### What needs to be done
Using the records below, find every line that includes "definition" and copy it.

Collected data entries:

(* Under the standing assumptions, let $v$ be a vertex of degree $8$ in $G$. If there is a vertex $w$ of degree $3$ such that the edge $vw$ lies on two $3$-faces, then $v$ has no neighbour of degree $2$.
   Context: Standing assumptions: A total $9$-coloring of a graph is an assignment of colors from $\{1,\dots,9\}$ to the vertices and edges such that adjacent vertices, edges sharing an endpoint, and a vertex and an incident edge receive different colors. A $4$-fan is the graph on six vertices $c,u_1,\dots,u_5$ with edges $cu_j$ ($1\le j\le5$) and $u_ju_{j+1}$ ($1\le j\le4$). $G$ is a minimal counterexample: $G$ is a simple planar graph with maximum degree $8$, containing no subgraph isomorphic to a $4$-fan, that has no total $9$-coloring, and such that every simple planar graph $H$ with maximum degree at most $8$, no subgraph isomorphic to a $4$-fan, and $|V(H)|+|E(H)|<|V(G)|+|E(G)|$ has a total $9$-coloring. $G$ is considered with a fixed plane embedding; a $3$-face is a face of length $3$. *)

theory Defs
  imports Main
begin

definition simple_graph :: "'a set \<Rightarrow> 'a set set \<Rightarrow> bool" where
  "simple_graph V E \<longleftrightarrow> finite V \<and>
     (\<forall>e\<in>E. \<exists>x y. e = {x, y} \<and> x \<noteq> y \<and> x \<in> V \<and> y \<in> V)"

definition neighbours :: "'a set \<Rightarrow> 'a set set \<Rightarrow> 'a \<Rightarrow> 'a set" where
  "neighbours V E v = {u \<in> V. u \<noteq> v \<and> {u, v} \<in> E}"

definition degree :: "'a set \<Rightarrow> 'a set set \<Rightarrow> 'a \<Rightarrow> nat" where
  "degree V E v = card (neighbours V E v)"

definition max_degree_le :: "'a set \<Rightarrow> 'a set set \<Rightarrow> nat \<Rightarrow> bool" where
  "max_degree_le V E k \<longleftrightarrow> (\<forall>v\<in>V. degree V E v \<le> k)"

definition max_degree_eq :: "'a set \<Rightarrow> 'a set set \<Rightarrow> nat \<Rightarrow> bool" where
  "max_degree_eq V E k \<longleftrightarrow> max_degree_le V E k \<and> (\<exists>v\<in>V. degree V E v = k)"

### Written solution
definition simple_graph :: "'a set \<Rightarrow> 'a set set \<Rightarrow> bool" where
definition neighbours :: "'a set \<Rightarrow> 'a set set \<Rightarrow> 'a \<Rightarrow> 'a set" where
definition degree :: "'a set \<Rightarrow> 'a set set \<Rightarrow> 'a \<Rightarrow> nat" where
definition max_degree_le :: "'a set \<Rightarrow> 'a set set \<Rightarrow> nat \<Rightarrow> bool" where
definition max_degree_eq :: "'a set \<Rightarrow> 'a set set \<Rightarrow> nat \<Rightarrow> bool" where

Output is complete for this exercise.